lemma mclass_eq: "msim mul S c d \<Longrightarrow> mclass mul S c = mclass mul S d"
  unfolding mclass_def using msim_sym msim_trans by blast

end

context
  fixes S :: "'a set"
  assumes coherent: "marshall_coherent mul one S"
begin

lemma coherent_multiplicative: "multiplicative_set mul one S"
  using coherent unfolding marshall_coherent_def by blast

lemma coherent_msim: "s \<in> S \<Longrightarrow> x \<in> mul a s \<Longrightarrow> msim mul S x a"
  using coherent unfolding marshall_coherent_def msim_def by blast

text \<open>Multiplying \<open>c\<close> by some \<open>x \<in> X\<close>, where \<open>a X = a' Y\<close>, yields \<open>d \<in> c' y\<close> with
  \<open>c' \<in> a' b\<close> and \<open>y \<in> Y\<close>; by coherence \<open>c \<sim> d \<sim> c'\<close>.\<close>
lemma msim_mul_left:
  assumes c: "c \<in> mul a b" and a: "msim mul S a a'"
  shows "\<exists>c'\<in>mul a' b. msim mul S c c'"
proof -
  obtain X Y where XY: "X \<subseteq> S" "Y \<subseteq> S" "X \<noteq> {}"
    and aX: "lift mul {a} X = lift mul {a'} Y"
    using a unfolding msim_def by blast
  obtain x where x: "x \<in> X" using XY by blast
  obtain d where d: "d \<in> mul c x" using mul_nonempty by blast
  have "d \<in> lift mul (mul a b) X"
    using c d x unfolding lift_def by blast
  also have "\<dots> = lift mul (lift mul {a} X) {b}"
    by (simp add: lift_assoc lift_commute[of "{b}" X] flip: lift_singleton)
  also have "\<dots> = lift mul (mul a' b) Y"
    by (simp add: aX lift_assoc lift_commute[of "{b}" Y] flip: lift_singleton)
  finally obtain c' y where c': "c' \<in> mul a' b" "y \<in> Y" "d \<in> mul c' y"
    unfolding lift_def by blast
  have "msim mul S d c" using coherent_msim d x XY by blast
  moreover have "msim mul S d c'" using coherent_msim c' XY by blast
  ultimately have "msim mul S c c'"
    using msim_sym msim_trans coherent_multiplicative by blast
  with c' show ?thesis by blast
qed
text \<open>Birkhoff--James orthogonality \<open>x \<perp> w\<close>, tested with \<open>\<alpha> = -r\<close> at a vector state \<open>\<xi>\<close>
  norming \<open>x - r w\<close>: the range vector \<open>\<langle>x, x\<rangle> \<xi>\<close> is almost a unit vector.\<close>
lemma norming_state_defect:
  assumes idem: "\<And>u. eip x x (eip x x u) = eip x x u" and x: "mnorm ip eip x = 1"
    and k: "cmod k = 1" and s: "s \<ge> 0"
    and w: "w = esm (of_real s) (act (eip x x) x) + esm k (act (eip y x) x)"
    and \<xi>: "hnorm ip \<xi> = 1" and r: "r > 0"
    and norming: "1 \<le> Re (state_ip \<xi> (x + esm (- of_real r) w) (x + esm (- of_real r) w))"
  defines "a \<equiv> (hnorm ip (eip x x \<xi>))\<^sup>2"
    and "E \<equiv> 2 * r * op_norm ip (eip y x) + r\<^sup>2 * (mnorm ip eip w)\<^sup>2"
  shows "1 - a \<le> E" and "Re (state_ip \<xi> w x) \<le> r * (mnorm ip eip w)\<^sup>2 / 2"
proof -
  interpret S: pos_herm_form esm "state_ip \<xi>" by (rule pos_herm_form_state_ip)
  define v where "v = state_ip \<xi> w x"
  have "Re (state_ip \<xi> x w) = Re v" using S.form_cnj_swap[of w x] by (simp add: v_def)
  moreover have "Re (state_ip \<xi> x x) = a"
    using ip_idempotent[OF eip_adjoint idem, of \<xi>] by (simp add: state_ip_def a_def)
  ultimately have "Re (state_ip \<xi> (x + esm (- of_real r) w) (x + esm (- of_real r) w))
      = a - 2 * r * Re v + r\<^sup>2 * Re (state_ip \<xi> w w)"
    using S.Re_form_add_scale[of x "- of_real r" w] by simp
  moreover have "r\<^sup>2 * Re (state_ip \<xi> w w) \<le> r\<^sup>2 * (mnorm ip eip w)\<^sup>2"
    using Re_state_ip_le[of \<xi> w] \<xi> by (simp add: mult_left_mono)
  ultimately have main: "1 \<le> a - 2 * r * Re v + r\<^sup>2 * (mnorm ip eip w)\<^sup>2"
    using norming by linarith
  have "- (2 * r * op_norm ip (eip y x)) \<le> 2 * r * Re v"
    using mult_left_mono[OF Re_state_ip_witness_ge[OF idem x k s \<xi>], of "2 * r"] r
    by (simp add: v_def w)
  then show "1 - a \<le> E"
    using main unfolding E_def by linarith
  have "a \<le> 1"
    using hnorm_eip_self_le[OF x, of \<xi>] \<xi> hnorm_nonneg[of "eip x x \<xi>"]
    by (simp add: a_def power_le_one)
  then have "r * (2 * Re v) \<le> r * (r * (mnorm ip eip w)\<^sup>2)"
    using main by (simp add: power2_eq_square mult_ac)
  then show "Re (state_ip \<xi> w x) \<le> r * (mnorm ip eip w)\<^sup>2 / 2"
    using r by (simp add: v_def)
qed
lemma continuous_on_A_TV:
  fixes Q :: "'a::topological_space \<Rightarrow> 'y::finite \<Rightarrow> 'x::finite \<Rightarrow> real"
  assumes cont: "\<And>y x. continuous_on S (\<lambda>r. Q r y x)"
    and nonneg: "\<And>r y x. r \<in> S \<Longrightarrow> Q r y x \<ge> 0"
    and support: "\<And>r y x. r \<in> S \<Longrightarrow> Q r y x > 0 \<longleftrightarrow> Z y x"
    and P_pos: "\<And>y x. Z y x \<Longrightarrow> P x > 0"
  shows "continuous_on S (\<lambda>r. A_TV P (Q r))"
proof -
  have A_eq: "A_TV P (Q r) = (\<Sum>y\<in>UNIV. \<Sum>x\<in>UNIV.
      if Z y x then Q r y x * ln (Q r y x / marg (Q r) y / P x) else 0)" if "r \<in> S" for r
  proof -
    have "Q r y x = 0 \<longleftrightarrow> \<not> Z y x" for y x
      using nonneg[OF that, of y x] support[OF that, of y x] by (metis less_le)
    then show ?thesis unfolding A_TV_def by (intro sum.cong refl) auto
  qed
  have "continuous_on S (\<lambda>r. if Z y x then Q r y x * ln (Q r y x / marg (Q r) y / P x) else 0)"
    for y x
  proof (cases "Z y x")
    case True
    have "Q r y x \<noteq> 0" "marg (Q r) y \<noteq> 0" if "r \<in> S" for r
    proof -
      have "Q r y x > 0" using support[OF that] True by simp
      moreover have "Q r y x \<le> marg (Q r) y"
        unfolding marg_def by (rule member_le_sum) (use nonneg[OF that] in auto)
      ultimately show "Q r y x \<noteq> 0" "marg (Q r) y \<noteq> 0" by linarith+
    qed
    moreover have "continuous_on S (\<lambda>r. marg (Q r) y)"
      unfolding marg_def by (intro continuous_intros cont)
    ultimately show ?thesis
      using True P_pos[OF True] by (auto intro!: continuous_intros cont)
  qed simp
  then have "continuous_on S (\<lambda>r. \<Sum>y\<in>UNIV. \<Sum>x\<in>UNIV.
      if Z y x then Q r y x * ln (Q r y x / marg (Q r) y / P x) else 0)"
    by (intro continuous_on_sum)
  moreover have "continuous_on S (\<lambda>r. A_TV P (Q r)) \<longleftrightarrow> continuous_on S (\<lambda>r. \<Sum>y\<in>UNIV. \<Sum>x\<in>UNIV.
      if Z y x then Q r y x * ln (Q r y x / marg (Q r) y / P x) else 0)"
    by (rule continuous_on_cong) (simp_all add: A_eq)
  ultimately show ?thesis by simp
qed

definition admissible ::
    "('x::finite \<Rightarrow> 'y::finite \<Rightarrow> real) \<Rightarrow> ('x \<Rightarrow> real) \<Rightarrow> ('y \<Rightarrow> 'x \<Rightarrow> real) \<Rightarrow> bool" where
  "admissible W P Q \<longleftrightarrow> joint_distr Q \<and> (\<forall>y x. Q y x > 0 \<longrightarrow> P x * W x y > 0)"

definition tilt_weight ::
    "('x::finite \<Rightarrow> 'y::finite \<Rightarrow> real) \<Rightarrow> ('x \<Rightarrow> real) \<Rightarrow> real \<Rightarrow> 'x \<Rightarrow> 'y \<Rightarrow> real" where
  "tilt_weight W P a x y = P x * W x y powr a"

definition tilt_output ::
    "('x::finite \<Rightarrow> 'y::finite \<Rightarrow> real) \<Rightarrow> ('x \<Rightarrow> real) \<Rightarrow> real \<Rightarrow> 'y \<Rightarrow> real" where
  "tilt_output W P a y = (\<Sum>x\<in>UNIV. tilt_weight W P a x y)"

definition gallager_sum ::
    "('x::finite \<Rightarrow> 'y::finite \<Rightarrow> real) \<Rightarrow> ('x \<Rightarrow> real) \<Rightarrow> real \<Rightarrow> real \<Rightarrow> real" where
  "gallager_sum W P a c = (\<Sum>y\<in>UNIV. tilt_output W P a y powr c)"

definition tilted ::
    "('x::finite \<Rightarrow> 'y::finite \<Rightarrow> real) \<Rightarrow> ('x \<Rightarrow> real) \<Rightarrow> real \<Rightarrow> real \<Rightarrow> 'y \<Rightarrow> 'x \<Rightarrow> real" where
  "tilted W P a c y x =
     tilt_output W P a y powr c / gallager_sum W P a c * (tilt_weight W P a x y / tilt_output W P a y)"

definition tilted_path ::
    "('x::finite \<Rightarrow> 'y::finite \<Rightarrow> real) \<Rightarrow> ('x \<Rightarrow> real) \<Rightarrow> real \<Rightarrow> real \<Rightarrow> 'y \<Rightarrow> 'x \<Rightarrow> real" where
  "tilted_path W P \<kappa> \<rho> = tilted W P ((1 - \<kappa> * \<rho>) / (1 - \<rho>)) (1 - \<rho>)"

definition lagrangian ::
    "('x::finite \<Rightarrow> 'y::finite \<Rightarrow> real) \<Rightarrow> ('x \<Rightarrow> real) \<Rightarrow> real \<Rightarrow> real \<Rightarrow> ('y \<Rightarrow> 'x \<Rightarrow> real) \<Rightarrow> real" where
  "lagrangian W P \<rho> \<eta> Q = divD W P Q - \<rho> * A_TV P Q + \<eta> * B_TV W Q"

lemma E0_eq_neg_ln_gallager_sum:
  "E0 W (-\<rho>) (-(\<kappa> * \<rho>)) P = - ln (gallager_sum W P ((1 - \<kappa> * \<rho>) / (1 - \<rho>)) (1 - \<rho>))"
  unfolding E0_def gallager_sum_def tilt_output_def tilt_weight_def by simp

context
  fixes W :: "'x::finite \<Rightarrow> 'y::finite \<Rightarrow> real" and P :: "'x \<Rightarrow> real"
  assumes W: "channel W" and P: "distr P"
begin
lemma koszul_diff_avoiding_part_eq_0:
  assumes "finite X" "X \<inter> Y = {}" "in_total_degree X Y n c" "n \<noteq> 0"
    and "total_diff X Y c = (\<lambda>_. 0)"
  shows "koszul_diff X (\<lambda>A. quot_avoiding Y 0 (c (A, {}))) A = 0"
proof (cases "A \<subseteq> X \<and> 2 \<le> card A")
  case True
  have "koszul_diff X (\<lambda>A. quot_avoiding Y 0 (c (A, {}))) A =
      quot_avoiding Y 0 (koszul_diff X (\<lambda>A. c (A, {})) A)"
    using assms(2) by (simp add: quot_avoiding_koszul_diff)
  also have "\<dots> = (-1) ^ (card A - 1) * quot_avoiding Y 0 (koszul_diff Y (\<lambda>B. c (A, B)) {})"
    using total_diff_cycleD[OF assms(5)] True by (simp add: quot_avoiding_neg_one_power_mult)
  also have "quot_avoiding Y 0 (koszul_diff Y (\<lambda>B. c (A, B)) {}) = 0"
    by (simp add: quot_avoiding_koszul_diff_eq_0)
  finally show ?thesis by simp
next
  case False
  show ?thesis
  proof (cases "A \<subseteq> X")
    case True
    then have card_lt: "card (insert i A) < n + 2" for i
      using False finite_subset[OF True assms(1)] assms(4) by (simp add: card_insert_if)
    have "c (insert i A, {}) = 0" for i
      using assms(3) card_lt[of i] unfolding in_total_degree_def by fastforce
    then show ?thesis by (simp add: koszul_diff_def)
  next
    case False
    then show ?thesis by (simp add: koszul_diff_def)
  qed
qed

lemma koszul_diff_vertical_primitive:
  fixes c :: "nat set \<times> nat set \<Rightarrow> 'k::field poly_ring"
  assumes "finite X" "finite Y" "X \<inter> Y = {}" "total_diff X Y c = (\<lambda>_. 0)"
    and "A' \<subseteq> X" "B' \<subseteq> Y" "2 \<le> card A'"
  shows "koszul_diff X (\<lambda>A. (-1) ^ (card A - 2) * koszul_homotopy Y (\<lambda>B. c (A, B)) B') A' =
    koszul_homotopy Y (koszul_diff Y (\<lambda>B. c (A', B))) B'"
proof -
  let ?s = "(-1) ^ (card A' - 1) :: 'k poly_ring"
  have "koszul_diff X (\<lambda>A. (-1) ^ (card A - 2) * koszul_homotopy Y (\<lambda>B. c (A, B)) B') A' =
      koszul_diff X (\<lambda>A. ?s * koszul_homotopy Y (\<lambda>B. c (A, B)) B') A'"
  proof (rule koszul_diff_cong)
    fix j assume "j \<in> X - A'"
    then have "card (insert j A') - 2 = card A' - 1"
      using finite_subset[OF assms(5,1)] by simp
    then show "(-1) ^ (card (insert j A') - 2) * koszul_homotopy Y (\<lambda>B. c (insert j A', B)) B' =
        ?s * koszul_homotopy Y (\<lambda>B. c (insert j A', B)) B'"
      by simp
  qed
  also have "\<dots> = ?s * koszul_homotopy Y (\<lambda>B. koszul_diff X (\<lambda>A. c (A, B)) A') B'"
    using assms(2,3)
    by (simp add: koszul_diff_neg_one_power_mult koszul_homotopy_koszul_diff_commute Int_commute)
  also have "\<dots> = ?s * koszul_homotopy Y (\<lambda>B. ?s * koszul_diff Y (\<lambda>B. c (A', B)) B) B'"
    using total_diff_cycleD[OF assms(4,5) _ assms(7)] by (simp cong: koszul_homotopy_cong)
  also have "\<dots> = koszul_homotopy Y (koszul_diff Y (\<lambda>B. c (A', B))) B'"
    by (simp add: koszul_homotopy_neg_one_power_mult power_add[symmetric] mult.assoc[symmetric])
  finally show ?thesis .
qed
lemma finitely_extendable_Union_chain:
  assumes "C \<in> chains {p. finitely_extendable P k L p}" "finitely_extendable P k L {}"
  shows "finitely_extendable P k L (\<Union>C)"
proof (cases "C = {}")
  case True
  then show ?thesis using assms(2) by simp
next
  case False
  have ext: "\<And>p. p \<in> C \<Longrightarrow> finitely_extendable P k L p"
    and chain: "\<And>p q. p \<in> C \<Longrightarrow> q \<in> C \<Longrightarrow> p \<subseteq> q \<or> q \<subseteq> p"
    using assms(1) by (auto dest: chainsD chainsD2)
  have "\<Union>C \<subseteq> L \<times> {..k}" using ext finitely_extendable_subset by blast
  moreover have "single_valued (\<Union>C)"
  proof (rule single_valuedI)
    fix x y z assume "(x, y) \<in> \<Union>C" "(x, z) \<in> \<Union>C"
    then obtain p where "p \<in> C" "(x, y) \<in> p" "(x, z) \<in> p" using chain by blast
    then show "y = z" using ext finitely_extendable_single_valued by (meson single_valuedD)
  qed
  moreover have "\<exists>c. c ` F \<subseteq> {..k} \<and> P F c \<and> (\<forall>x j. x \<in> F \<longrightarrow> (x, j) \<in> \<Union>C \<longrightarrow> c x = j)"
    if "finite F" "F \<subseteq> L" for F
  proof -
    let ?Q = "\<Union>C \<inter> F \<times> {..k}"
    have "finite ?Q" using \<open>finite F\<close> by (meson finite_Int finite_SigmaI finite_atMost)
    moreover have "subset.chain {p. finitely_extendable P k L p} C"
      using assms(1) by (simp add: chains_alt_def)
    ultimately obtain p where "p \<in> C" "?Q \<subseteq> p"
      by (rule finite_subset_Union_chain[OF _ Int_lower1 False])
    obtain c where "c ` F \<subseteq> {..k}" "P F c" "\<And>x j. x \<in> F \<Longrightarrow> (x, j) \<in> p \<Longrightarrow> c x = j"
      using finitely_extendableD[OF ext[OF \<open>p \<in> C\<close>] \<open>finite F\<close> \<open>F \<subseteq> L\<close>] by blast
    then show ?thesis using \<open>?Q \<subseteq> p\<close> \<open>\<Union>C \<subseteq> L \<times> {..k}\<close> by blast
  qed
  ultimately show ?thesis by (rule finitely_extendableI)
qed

=-=-=

[Directions]
Scanning the material above, work out how many lines contain the word "also" and reply with the number only.

[Solution]
7